Неуверенный смех асгардцев сказал ему о многом. Старый сотник молчал, глядя на лежащих у их ног обезглавленных лошадей.
— Слышь, Тугдаме, — Олесь нетерпеливо дернул воеводу за локоть, — ты на шеи их погляди. Головы-то им одним ударом смахнули. Это ж какому человеку такое по силам?
Туман стал быстро рассеиваться, открыв их взорам огромное воинство Чернобога. В одно мгновенье смех в рядах асгардцев прекратился, уступая место мертвой тишине. Будто огромный коршун, рухнувший наземь, раскинул перед ними свои могучие крылья, ощетинившиеся копьями. Тугдаме, не задумываясь, поднял клинок, блеснувший в лучах утреннего солнца:
Сварожья Дружина бросилась в бой, быстро меняя свои очертания. Двадцатитысячная армия асгардцев, выстроившись птицей, летела к ненавистному врагу.
ГЛАВА 24
Малюта внимательно озирался по сторонам, то и дело пригибая голову под нависающими ветвями деревьев.
Накануне сражения Тугдаме подозвал его к себе. Долго вглядываясь в его глаза, воевода произнес:
— Ну что, медведич, могу я на тебя положиться? — Он усмехнулся, увидев нахмуренные брови молодого тысяцкого. — Да ладно тебе хмуриться, Дождь накликаешь. Дело у меня к тебе важное, никому другому поручить не могу.
С досадой сплюнув наземь, Малюта усмехнулся, отводя взгляд в сторону.
— Коли дело есть, сказывай. А глазами меня поедом есть… Я ж не девица красная.
Тугдаме махнул рукой, подзывая к себе молодого рыжего дружинника, стоящего поодаль.
— Все его Рыжим, кличут. Имя его тебе без надобности. Он и еще трое пойдут с твоей тысячей. Вон той рощей пойдете.
Ткнув пальцем в сторону густой рощи, Тугдаме перешел на шепот:
— Они волхвы, самим Правителем посланные. Не подведи меня, Малюта.
Удивленно окинув взглядом Рыжего, медведич хмыкнул:
— Молод он больно… Я думал, волхвы постарше будут. — И словно спохватившись, подступился к воеводе, прошипев: — Как же так, Тугдаме?! Почему ты меня в сечу не берешь?
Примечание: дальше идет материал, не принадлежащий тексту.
lemma integral_square_kernel_split:
  fixes y :: "real \<Rightarrow> real"
  assumes "continuous_on {a..t} y"
  shows "integral {a..t} (\<lambda>s. (t - s)\<^sup>2 * y s)
       = t\<^sup>2 * integral {a..t} y - 2 * t * integral {a..t} (\<lambda>s. s * y s) + integral {a..t} (\<lambda>s. s\<^sup>2 * y s)"
proof -
  have "(\<lambda>s. t\<^sup>2 * y s) integrable_on {a..t}" "(\<lambda>s. 2 * t * (s * y s)) integrable_on {a..t}"
    "(\<lambda>s. s\<^sup>2 * y s) integrable_on {a..t}"
    by (rule integrable_continuous_interval, intro continuous_intros assms)+
  moreover have "(\<lambda>s. (t - s)\<^sup>2 * y s) = (\<lambda>s. t\<^sup>2 * y s - 2 * t * (s * y s) + s\<^sup>2 * y s)"
    by (simp add: fun_eq_iff algebra_simps power2_eq_square)
  ultimately show ?thesis
    by (simp add: integral_diff integral_add integrable_diff)
qed

lemma volterra_has_real_derivative:
  fixes y :: "real \<Rightarrow> real"
  assumes y: "continuous_on {a..b} y" and t: "t \<in> {a..b}"
  shows "((\<lambda>t. integral {a..t} (\<lambda>s. (t - s) * y s)) has_real_derivative integral {a..t} y)
           (at t within {a..b})"
proof -
  have ys: "continuous_on {a..x} y" if "x \<in> {a..b}" for x
    using y that by (auto intro: continuous_on_subset)
  \<comment> \<open>The integrand depends on \<open>t\<close>; splitting the kernel leaves only integrals with fixed integrands.\<close>
  have "((\<lambda>x. x * integral {a..x} y - integral {a..x} (\<lambda>s. s * y s)) has_real_derivative
          integral {a..t} y) (at t within {a..b})"
    by (rule derivative_eq_intros integral_upper_has_real_derivative y t refl
        | intro continuous_intros y | simp)+
  then show ?thesis
    by (rule has_field_derivative_transform_within[OF _ zero_less_one t])
       (simp_all add: integral_linear_kernel_split[OF ys])
qed

lemma volterra_square_has_real_derivative:
  fixes y :: "real \<Rightarrow> real"
  assumes y: "continuous_on {a..b} y" and t: "t \<in> {a..b}"
  shows "((\<lambda>t. integral {a..t} (\<lambda>s. (t - s)\<^sup>2 * y s)) has_real_derivative
            2 * integral {a..t} (\<lambda>s. (t - s) * y s)) (at t within {a..b})"
proof -
  have ys: "continuous_on {a..x} y" if "x \<in> {a..b}" for x
    using y that by (auto intro: continuous_on_subset)
  have "((\<lambda>x. x\<^sup>2 * integral {a..x} y - 2 * x * integral {a..x} (\<lambda>s. s * y s)
              + integral {a..x} (\<lambda>s. s\<^sup>2 * y s)) has_real_derivative
          2 * (t * integral {a..t} y - integral {a..t} (\<lambda>s. s * y s))) (at t within {a..b})"
    by (rule derivative_eq_intros integral_upper_has_real_derivative y t refl
        | intro continuous_intros y | simp add: algebra_simps power2_eq_square)+
  then show ?thesis
    unfolding integral_linear_kernel_split[OF ys[OF t]]
    by (rule has_field_derivative_transform_within[OF _ zero_less_one t])
       (simp add: integral_square_kernel_split[OF ys])
qed

lemma volterra_has_integral:
  fixes y :: "real \<Rightarrow> real"
  assumes y: "continuous_on {a..b} y" and e: "e \<in> {a..b}"
  shows "((\<lambda>t. integral {a..t} (\<lambda>s. (t - s) * y s)) has_integral
            integral {a..e} (\<lambda>s. (e - s)\<^sup>2 * y s) / 2) {a..e}"
proof -
  have "((\<lambda>t. integral {a..t} (\<lambda>s. (t - s) * y s)) has_integral
          integral {a..e} (\<lambda>s. (e - s)\<^sup>2 * y s) / 2 - integral {a..a} (\<lambda>s. (a - s)\<^sup>2 * y s) / 2) {a..e}"
  proof (rule fundamental_theorem_of_calculus)
    fix x assume x: "x \<in> {a..e}"
    then have "((\<lambda>t. integral {a..t} (\<lambda>s. (t - s)\<^sup>2 * y s) / 2) has_real_derivative
                 integral {a..x} (\<lambda>s. (x - s) * y s)) (at x within {a..b})"
      using volterra_square_has_real_derivative[OF y, of x] e
      by (auto intro!: derivative_eq_intros)
    then show "((\<lambda>t. integral {a..t} (\<lambda>s. (t - s)\<^sup>2 * y s) / 2) has_vector_derivative
                 integral {a..x} (\<lambda>s. (x - s) * y s)) (at x within {a..e})"
      using e by (auto simp: has_real_derivative_iff_has_vector_derivative[symmetric]
                      intro: DERIV_subset)
  qed (use e in auto)
  then show ?thesis
    by simp
qed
Ты же… Ты же знаешь, моя тысяча самой сильной в бою будет!
— Знаю, Малюта. Все знаю, потому лишь тебе и по силам наказ мой исполнить. Говори, Рыжий, чего делать надобно.
Волхв кивнул, по-свойски хлопнув Малюту по плечу и улыбнувшись:
— Не боись, тысяцкий, на нашу долю самое сложное досталось. Выжить мы обязаны, покуда дружина наша насмерть биться будет. И не просто выжить, а еще и девку в полон нужную взять. Ну то уж моя забота. А пойдем мы с тобой рощей…
— Девку в полон?! Да чтоб я…
— Да не горячись, медведич. Девка та ведьма, потому и не девка она вовсе, — нахмурившись, волхв продолжил: — Рощей, говорю, пойдем! Никто нас не заметит. Главное, чтобы вои твои языки за зубами держали. С тылу зайдем, и как битва жару наберет, так и ударим. И тут уж, тысяцкий, коли в самое сердце не попадем — не сносить нам с тобой головы. Баеджирты твои должны по телам нам дорогу проложить, себя не жалеючи. И заслонить нас собою, как назад с добычей уходить станем.
Рыжий облегченно вздохнул, весело подмигнув Малюте.
— Усек? И на лихом коне до самого Асгарда…
— А… Вои мои как же?
Тугдаме опустил глаза долу, кашлянув.
— Малюта. Такой наказ у меня. Твои должны до последнего вздоха вас закрывать. Я разумею тебя, парень… По правде, сам не знаю, одолеем ли мы их сегодня.
Угрюмо покачиваясь на коне, медведич обернулся назад, услыхав среди баеджиртов перешептывания, и яростно пригрозил кулаком. Настороженно подняв вверх голову и вслушиваясь в звуки леса, молодой волхв щелкнул пальцами, заставляя ворона беззвучно захлопнуть клюв. Улыбнувшись, Рыжий пригрозил ему пальцем и продолжил свой осторожный путь. Первые солнечные лучи стали пробиваться сквозь листву деревьев, осветив небольшую лесную прогалину. Подняв руку, Рыжий дал команду остановиться. Спрыгнув наземь, он украдкой пошел вперед, осторожно раздвигая ветви кустарника. Остальные трое волхвов настороженно озирались по сторонам, то и дело нашептывая под нос свои тайные наговоры. Спустя несколько мгновений Рыжий будто из-под земли вырос, вынырнув из-за ближайшего дерева.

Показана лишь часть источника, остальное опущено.